▶ DATA SUPPLIED

lemma prob_space_powerlaw: assumes "p > 1" shows "prob_space (powerlaw p)"
proof
  have "emeasure (powerlaw p) (space (powerlaw p)) = (\<integral>\<^sup>+x. ennreal (powerlaw_density p x) \<partial>lborel)"
    by (simp add: powerlaw_def emeasure_density)
  also have "\<dots> = ennreal (\<integral>x. powerlaw_density p x \<partial>lborel)"
    using integrable_one_plus_abs_powr[OF assms] powerlaw_density_pos[OF assms]
    by (intro nn_integral_eq_integral) (auto simp: powerlaw_density_def intro: less_imp_le)
  also have "(\<integral>x. powerlaw_density p x \<partial>lborel) = 1"
    using powerlaw_norm_pos[OF assms] by (simp add: powerlaw_density_def powerlaw_norm_def)
  finally show "emeasure (powerlaw p) (space (powerlaw p)) = 1" by simp
qed

lemma powerlaw_integrable_moment:
  assumes p: "p > 1" and r: "r < p - 1"
  shows "integrable (powerlaw p) (\<lambda>x. (1 + \<bar>x\<bar>) powr r)"
proof -
  have "integrable lborel (\<lambda>x. powerlaw_density p x * (1 + \<bar>x\<bar>) powr r)"
  proof (rule integrable_if_powr_decay[of "p - r"])
    fix x
    have "\<bar>powerlaw_density p x * (1 + \<bar>x\<bar>) powr r\<bar> = (1 / powerlaw_norm p) * (1 + \<bar>x\<bar>) powr (- (p - r))"
      using powerlaw_norm_pos[OF p] by (simp add: powerlaw_density_def powr_add[symmetric])
    then show "\<bar>powerlaw_density p x * (1 + \<bar>x\<bar>) powr r\<bar> \<le> (1 / powerlaw_norm p) * (1 + \<bar>x\<bar>) powr (- (p - r))"
      by simp
  qed (use r in auto)
  then show ?thesis unfolding powerlaw_def
    by (subst integrable_density) (use powerlaw_density_pos[OF p] in \<open>auto intro: less_imp_le\<close>)
qed

lemma powerlaw_mean: assumes "p > 1" shows "(\<integral>x. x \<partial>powerlaw p) = 0"
proof -
  have "(\<integral>x. x \<partial>powerlaw p) = (\<integral>x. powerlaw_density p x * x \<partial>lborel)"
    unfolding powerlaw_def
    by (subst integral_density) (use powerlaw_density_pos[OF assms] in \<open>auto intro: less_imp_le\<close>)
  moreover have "(\<integral>x. powerlaw_density p x * x \<partial>lborel) = - (\<integral>x. powerlaw_density p x * x \<partial>lborel)"
  proof -
    have "(\<integral>x. powerlaw_density p x * x \<partial>lborel)
        = \<bar>-1\<bar> *\<^sub>R (\<integral>x. powerlaw_density p (0 + -1 * x) * (0 + -1 * x) \<partial>lborel)"
      by (rule lborel_integral_real_affine) simp
    also have "\<dots> = (\<integral>x. - (powerlaw_density p x * x) \<partial>lborel)"
      by (simp add: powerlaw_density_def)
    finally show ?thesis by simp
  qed
  ultimately show ?thesis by simp
qed

lemma P2c_prob: "P2c \<nu> \<Longrightarrow> prob_space \<nu>"
  and P2c_sets: "P2c \<nu> \<Longrightarrow> sets \<nu> = sets borel"
  and P2c_mean: "P2c \<nu> \<Longrightarrow> (\<integral>x. x \<partial>\<nu>) = 0"
  by (simp_all add: P2c_def)

lemma P2c_space: "P2c \<nu> \<Longrightarrow> space \<nu> = UNIV"
  using sets_eq_imp_space_eq[OF P2c_sets] by simp

lemma measurable_P2c_eq: "P2c \<nu> \<Longrightarrow> measurable \<nu> N = measurable borel N"
  using measurable_cong_sets[OF P2c_sets refl] by blast

lemma finite_measure_P2c: "P2c \<nu> \<Longrightarrow> finite_measure \<nu>"
  using P2c_prob prob_space.axioms(1) by blast

lemma sigma_finite_measure_P2c: "P2c \<nu> \<Longrightarrow> sigma_finite_measure \<nu>"
  using P2c_prob prob_space_imp_sigma_finite by blast

lemma P2c_integrable_sq: assumes "P2c \<nu>" shows "integrable \<nu> (\<lambda>x. x\<^sup>2)"
proof (rule integrableI_bounded)
  show "(\<lambda>x. x\<^sup>2) \<in> borel_measurable \<nu>" unfolding measurable_P2c_eq[OF assms] by measurable
  have "(\<integral>\<^sup>+x. ennreal (x\<^sup>2) \<partial>\<nu>) < \<infinity>" using assms by (simp add: P2c_def)
  then show "(\<integral>\<^sup>+x. ennreal (norm (x\<^sup>2)) \<partial>\<nu>) < \<infinity>" by simp
qed

lemma P2c_integrable_abs: assumes "P2c \<nu>" shows "integrable \<nu> (\<lambda>x. \<bar>x\<bar>)"
proof (rule integrable_dominated)
  interpret prob_space \<nu> using P2c_prob[OF assms] .
  show "integrable \<nu> (\<lambda>x. 1 + x\<^sup>2)" using P2c_integrable_sq[OF assms] by simp
  show "(\<lambda>x. \<bar>x\<bar>) \<in> borel_measurable \<nu>" unfolding measurable_P2c_eq[OF assms] by measurable
  show "\<bar>\<bar>x\<bar>\<bar> \<le> 1 + x\<^sup>2" for x :: real
    using sum_power2_ge_zero[of "\<bar>x\<bar> - 1" 0] by (simp add: power2_eq_square algebra_simps)
qed

lemma P2c_integrable_id: assumes "P2c \<nu>" shows "integrable \<nu> (\<lambda>x. x)"
proof -
  have "(\<lambda>x. x) \<in> borel_measurable \<nu>" unfolding measurable_P2c_eq[OF assms] by measurable
  then show ?thesis using P2c_integrable_abs[OF assms] integrable_abs_iff by blast
qed

lemma P2c_integrable_abs_plus: assumes "P2c \<nu>" shows "integrable \<nu> (\<lambda>x. \<bar>x\<bar> + c)"
proof -
  interpret prob_space \<nu> using P2c_prob[OF assms] .
  show ?thesis using P2c_integrable_abs[OF assms] by simp
qed

lemma P2c_powerlaw: assumes "p > 3" shows "P2c (powerlaw p)"
proof -
  have bound: "\<bar>x\<^sup>2\<bar> \<le> (1 + \<bar>x\<bar>) powr 2" for x :: real
  proof -
    have "\<bar>x\<bar>\<^sup>2 \<le> (1 + \<bar>x\<bar>)\<^sup>2" by (rule power_mono) auto
    then show ?thesis by (simp add: powr_numeral)
  qed
  have "integrable (powerlaw p) (\<lambda>x. (1 + \<bar>x\<bar>) powr 2)"
    using assms by (intro powerlaw_integrable_moment) auto
  then have "integrable (powerlaw p) (\<lambda>x. x\<^sup>2)"
    by (rule integrable_dominated[OF _ _ bound]) (simp add: powerlaw_def)
  then have "(\<integral>\<^sup>+x. ennreal (x\<^sup>2) \<partial>powerlaw p) < \<infinity>"
    by (simp add: integrable_iff_bounded)
  moreover have "prob_space (powerlaw p)" "(\<integral>x. x \<partial>powerlaw p) = 0"
    using assms by (simp_all add: prob_space_powerlaw powerlaw_mean)
  ultimately show ?thesis unfolding P2c_def by simp
qed

section \<open>Call functions and the convex order\<close>

definition call_fun :: "real measure \<Rightarrow> real \<Rightarrow> real" where
  "call_fun \<nu> x = (\<integral>y. max 0 (y - x) \<partial>\<nu>)"

definition put_fun :: "real measure \<Rightarrow> real \<Rightarrow> real" where
  "put_fun \<nu> x = (\<integral>y. max 0 (x - y) \<partial>\<nu>)"

lemma integrable_call_payoff: assumes "P2c \<nu>" shows "integrable \<nu> (\<lambda>y. max 0 (y - x))"
proof (rule integrable_dominated[OF P2c_integrable_abs_plus[OF assms, of "\<bar>x\<bar>"]])
  show "(\<lambda>y. max 0 (y - x)) \<in> borel_measurable \<nu>" unfolding measurable_P2c_eq[OF assms] by measurable
qed auto

lemma integrable_put_payoff: assumes "P2c \<nu>" shows "integrable \<nu> (\<lambda>y. max 0 (x - y))"
proof (rule integrable_dominated[OF P2c_integrable_abs_plus[OF assms, of "\<bar>x\<bar>"]])
  show "(\<lambda>y. max 0 (x - y)) \<in> borel_measurable \<nu>" unfolding measurable_P2c_eq[OF assms] by measurable
qed auto

lemma call_fun_nonneg: "call_fun \<nu> x \<ge> 0"
  and put_fun_nonneg: "put_fun \<nu> x \<ge> 0"
  unfolding call_fun_def put_fun_def by (auto intro: integral_nonneg_AE)

lemma call_put_parity: assumes "P2c \<nu>" shows "call_fun \<nu> x = put_fun \<nu> x - x"
proof -
  interpret prob_space \<nu> using P2c_prob[OF assms] .
  have "call_fun \<nu> x = (\<integral>y. (y - x) + max 0 (x - y) \<partial>\<nu>)"
    unfolding call_fun_def by (rule Bochner_Integration.integral_cong) auto
  also have "\<dots> = (\<integral>y. y \<partial>\<nu>) - x + put_fun \<nu> x"
    unfolding put_fun_def using P2c_integrable_id[OF assms] integrable_put_payoff[OF assms]
    by (simp add: prob_space)
  finally show ?thesis using P2c_mean[OF assms] by simp
qed

lemma call_fun_le: assumes "P2c \<nu>" shows "call_fun \<nu> x \<le> (\<integral>y. \<bar>y\<bar> \<partial>\<nu>) + \<bar>x\<bar>"
proof -
  interpret prob_space \<nu> using P2c_prob[OF assms] .
  have "call_fun \<nu> x \<le> (\<integral>y. \<bar>y\<bar> + \<bar>x\<bar> \<partial>\<nu>)"
    unfolding call_fun_def
    by (intro integral_mono integrable_call_payoff assms P2c_integrable_abs_plus) auto
  also have "\<dots> = (\<integral>y. \<bar>y\<bar> \<partial>\<nu>) + \<bar>x\<bar>"
    using P2c_integrable_id[OF assms] by (simp add: prob_space)
  finally show ?thesis .
qed

lemma borel_measurable_call_fun [measurable]:
  assumes "P2c \<nu>" shows "call_fun \<nu> \<in> borel_measurable borel"
proof -
  have "(\<lambda>(x, y). max 0 (y - x)) \<in> borel_measurable (borel \<Otimes>\<^sub>M \<nu>)"
    by (rule measurable_pair_measure_cong_sets) (simp_all add: P2c_sets[OF assms])
  then show ?thesis unfolding call_fun_def
    using sigma_finite_measure.borel_measurable_lebesgue_integral[OF sigma_finite_measure_P2c[OF assms],
        of "\<lambda>x y. max 0 (y - x)" borel]
    by simp
qed

lemma convex_on_max_0_affine: "convex_on UNIV (\<lambda>y::real. max 0 (a * y + b))"
proof (rule convex_onI)
  fix t u v :: real assume t: "t > 0" "t < 1"
  have "a * ((1 - t) *\<^sub>R u + t *\<^sub>R v) + b = (1 - t) * (a * u + b) + t * (a * v + b)"
    by (simp add: algebra_simps)
  moreover have "(1 - t) * (a * u + b) \<le> (1 - t) * max 0 (a * u + b)" "t * (a * v + b) \<le> t * max 0 (a * v + b)"
    using t by (intro mult_left_mono; simp)+
  moreover have "0 \<le> (1 - t) * max 0 (a * u + b) + t * max 0 (a * v + b)" using t by simp
  ultimately show "max 0 (a * ((1 - t) *\<^sub>R u + t *\<^sub>R v) + b) \<le> (1 - t) * max 0 (a * u + b) + t * max 0 (a * v + b)"
    by linarith
qed simp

▶ PROBLEM TO WORK ON
Would you please reproduce every line from the one containing "finally show ?thesis ." through the final line of the listing, and only those lines?

▶ YOUR SOLUTION
  finally show ?thesis .
qed

lemma borel_measurable_call_fun [measurable]:
  assumes "P2c \<nu>" shows "call_fun \<nu> \<in> borel_measurable borel"
proof -
  have "(\<lambda>(x, y). max 0 (y - x)) \<in> borel_measurable (borel \<Otimes>\<^sub>M \<nu>)"
    by (rule measurable_pair_measure_cong_sets) (simp_all add: P2c_sets[OF assms])
  then show ?thesis unfolding call_fun_def
    using sigma_finite_measure.borel_measurable_lebesgue_integral[OF sigma_finite_measure_P2c[OF assms],
        of "\<lambda>x y. max 0 (y - x)" borel]
    by simp
qed

lemma convex_on_max_0_affine: "convex_on UNIV (\<lambda>y::real. max 0 (a * y + b))"
proof (rule convex_onI)
  fix t u v :: real assume t: "t > 0" "t < 1"
  have "a * ((1 - t) *\<^sub>R u + t *\<^sub>R v) + b = (1 - t) * (a * u + b) + t * (a * v + b)"
    by (simp add: algebra_simps)
  moreover have "(1 - t) * (a * u + b) \<le> (1 - t) * max 0 (a * u + b)" "t * (a * v + b) \<le> t * max 0 (a * v + b)"
    using t by (intro mult_left_mono; simp)+
  moreover have "0 \<le> (1 - t) * max 0 (a * u + b) + t * max 0 (a * v + b)" using t by simp
  ultimately show "max 0 (a * ((1 - t) *\<^sub>R u + t *\<^sub>R v) + b) \<le> (1 - t) * max 0 (a * u + b) + t * max 0 (a * v + b)"
    by linarith
qed simp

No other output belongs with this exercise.